In the supercritical state, the properties of water are reversed: oils are dissolved, and salts precipitate. Cyril Aymonier, Institute of Condensed Matter Chemistry of Bordeaux (ICMCB), French National Center for Scientific Research (CNRS), Pessac, France, and colleagues have found a way to dissolve those precipitates: using a cosolvent made of molten salt that flows within the supercritical water fluid. This "hydrothermal molten salt" diphasic state could be useful in waste treatment or other applications where precipitate clogging causes problems.




Supercriticality: A Flowing, Dynamic State of Matter

Supercritical fluids represent a state of matter where liquid and gas phases coexist. Heating a substance above its critical temperature and compressing it above its critical pressure fluidizes it; its viscosity becomes very low, and its density highly variable. Although supercriticality might at first glance seem some exotic property of matter, supercritical fluids are used in a wide range of technologies across industries as varied as food processing, cleaning, coatings, and waste treatment. Water reaches its fluid state above 221 bar and 374 °C, at which point its polarity, surface tension, and viscosity drop and it becomes an aggressive oxidizing agent.


Its low polarity makes supercritical water a good solvent for organic compounds, and supercritical water oxidation is a common process in waste treatment and biomass reforming. However, what works with organic compounds is reversed with inorganic salts. Everything that is ionized and soluble in liquid water may clog tubes and valves in technological processes using supercritical water. Furthermore, it has been shown that corrosion rates are significantly higher beneath deposited solids.


However, not all salts are prone to precipitate out as solids. The team argued that electrolytes with a melting point below the critical temperature of water would precipitate when reaching their precipitation temperature, but at the melting point, the grains would fuse and melt to form a second, liquid phase within the supercritical water phase. This liquid phase could be useful as a cosolvent.

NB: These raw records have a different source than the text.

lemma monom_eval_zero [simp]: "monom_eval v 0 = 1"
  by (simp add: monom_eval_def)

lemma monom_eval_var: "monom_eval v (Poly_Mapping.single j 1) = v j"
proof -
  have "monom_eval v (Poly_Mapping.single j 1) = (\<Prod>i\<in>UNIV. if i = j then v i else 1)"
    unfolding monom_eval_def by (rule prod.cong) (auto simp: lookup_single when_def)
  then show ?thesis by simp
qed

lemma monom_eval_mpvar: "monom_eval (mpvar :: 'n::finite \<Rightarrow> 'n mpoly) m = Poly_Mapping.single m 1"
proof -
  have single_pow: "Poly_Mapping.single (Poly_Mapping.single j (1::nat)) (1::real) ^ e
      = Poly_Mapping.single (Poly_Mapping.single j e) 1" for j :: 'n and e
    by (induction e) (simp_all add: mult_single single_add[symmetric] mult.commute)
  have prod_single: "(\<Prod>j\<in>A. Poly_Mapping.single (a j) (1::real))
      = Poly_Mapping.single (\<Sum>j\<in>A. a j) 1" for A :: "'n set" and a
    by (induction A rule: infinite_finite_induct) (simp_all add: mult_single)
  have "monom_eval mpvar m
      = (\<Prod>j\<in>UNIV. Poly_Mapping.single (Poly_Mapping.single j (Poly_Mapping.lookup m j)) (1::real))"
    unfolding monom_eval_def mpvar_def by (intro prod.cong refl single_pow)
  also have "\<dots> = Poly_Mapping.single (\<Sum>j\<in>UNIV. Poly_Mapping.single j (Poly_Mapping.lookup m j)) 1"
    by (rule prod_single)
  also have "(\<Sum>j\<in>UNIV. Poly_Mapping.single j (Poly_Mapping.lookup m j)) = m"
    by (rule poly_mapping_eqI) (simp add: lookup_sum lookup_single when_def)
  finally show ?thesis .
qed

definition mpoly_hom :: "(real \<Rightarrow> 'b::comm_ring_1) \<Rightarrow> ('n::finite \<Rightarrow> 'b) \<Rightarrow> 'n mpoly \<Rightarrow> 'b" where
  "mpoly_hom c v p = pm_extend (\<lambda>m a. c a * monom_eval v m) p"

lemma mpoly_hom_add: "is_ring_hom c \<Longrightarrow> mpoly_hom c v (p + q) = mpoly_hom c v p + mpoly_hom c v q"
  unfolding mpoly_hom_def by (rule pm_extend_add) (simp_all add: ring_hom_zero ring_hom_add distrib_right)

lemma mpoly_hom_single:
  "is_ring_hom c \<Longrightarrow> mpoly_hom c v (Poly_Mapping.single m a) = c a * monom_eval v m"
  unfolding mpoly_hom_def by (rule pm_extend_single) (simp add: ring_hom_zero)

lemma mpoly_hom_sum: "is_ring_hom c \<Longrightarrow> mpoly_hom c v (sum g A) = (\<Sum>a\<in>A. mpoly_hom c v (g a))"
  unfolding mpoly_hom_def by (rule pm_extend_sum) (simp_all add: ring_hom_zero ring_hom_add distrib_right)

lemma mpoly_hom_mult:
  assumes c: "is_ring_hom c"
  shows "mpoly_hom c v (p * q) = mpoly_hom c v p * mpoly_hom c v q"
proof -
  let ?K = "Poly_Mapping.keys p" and ?L = "Poly_Mapping.keys q"
  let ?p = "Poly_Mapping.lookup p" and ?q = "Poly_Mapping.lookup q"
  have "p * q = (\<Sum>k\<in>?K. Poly_Mapping.single k (?p k)) * (\<Sum>l\<in>?L. Poly_Mapping.single l (?q l))"
    using poly_mapping_sum_single[of p] poly_mapping_sum_single[of q] by simp
  also have "\<dots> = (\<Sum>k\<in>?K. \<Sum>l\<in>?L. Poly_Mapping.single (k + l) (?p k * ?q l))"
    by (simp add: sum_product mult_single)
  finally have "mpoly_hom c v (p * q)
      = (\<Sum>k\<in>?K. \<Sum>l\<in>?L. c (?p k) * monom_eval v k * (c (?q l) * monom_eval v l))"
    by (simp add: mpoly_hom_sum[OF c] mpoly_hom_single[OF c] ring_hom_mult[OF c] monom_eval_add mult_ac)
  also have "\<dots> = (\<Sum>k\<in>?K. c (?p k) * monom_eval v k) * (\<Sum>l\<in>?L. c (?q l) * monom_eval v l)"
    by (simp add: sum_product)
  finally show ?thesis
    by (simp add: mpoly_hom_def pm_extend_def)
qed

lemma is_ring_hom_mpoly_hom: "is_ring_hom c \<Longrightarrow> is_ring_hom (mpoly_hom c v)"
  using mpoly_hom_single[of c v 0 1]
  by (simp add: is_ring_hom_def mpoly_hom_add mpoly_hom_mult ring_hom_one)

lemma mpoly_hom_mpconst: "is_ring_hom c \<Longrightarrow> mpoly_hom c v (mpconst a) = c a"
  unfolding mpconst_def by (simp add: mpoly_hom_single)

lemma mpoly_hom_mpvar: "is_ring_hom c \<Longrightarrow> mpoly_hom c v (mpvar j) = v j"
  unfolding mpvar_def
  using mpoly_hom_single[of c v "Poly_Mapping.single j 1" 1] monom_eval_var[of v j]
  by (simp add: ring_hom_one)

lemma ring_hom_mpoly_hom:
  "is_ring_hom h \<Longrightarrow> h (mpoly_hom c v p) = mpoly_hom (h \<circ> c) (h \<circ> v) p"
  unfolding mpoly_hom_def pm_extend_def monom_eval_def
  by (simp add: ring_hom_sum ring_hom_mult ring_hom_prod ring_hom_power)

lemma mpoly_hom_mpconst_mpvar: "mpoly_hom mpconst mpvar p = p"
proof -
  have "mpoly_hom mpconst mpvar p = pm_extend Poly_Mapping.single p"
    unfolding mpoly_hom_def pm_extend_def monom_eval_mpvar mpconst_def
    by (rule sum.cong) (simp_all add: mult_single)
  then show ?thesis by (simp add: pm_extend_single_self)
qed

lemma mpeval_eq_mpoly_hom: "mpeval p x = mpoly_hom id (\<lambda>j. x $ j) p"
  by (simp add: mpeval_def mpoly_hom_def pm_extend_def monom_eval_def)

lemma is_ring_hom_mpeval: "is_ring_hom (\<lambda>p. mpeval p x)"
  unfolding mpeval_eq_mpoly_hom by (rule is_ring_hom_mpoly_hom[OF is_ring_hom_id])

lemma mpeval_mpconst: "mpeval (mpconst a) x = a"
  by (simp add: mpeval_eq_mpoly_hom mpoly_hom_mpconst[OF is_ring_hom_id])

Sodium hydroxide, for example, melts at 318 °C. The scientists heated an aqueous sodium hydroxide solution in a sapphire capillary. When the system reached the precipitation temperature of NaOH, 380 °C, they observed the formation of liquid NaOH droplets. Because the precipitation temperature is higher than the melting temperature, the precipitation is directly followed by the fusion of the salt to give the molten droplets.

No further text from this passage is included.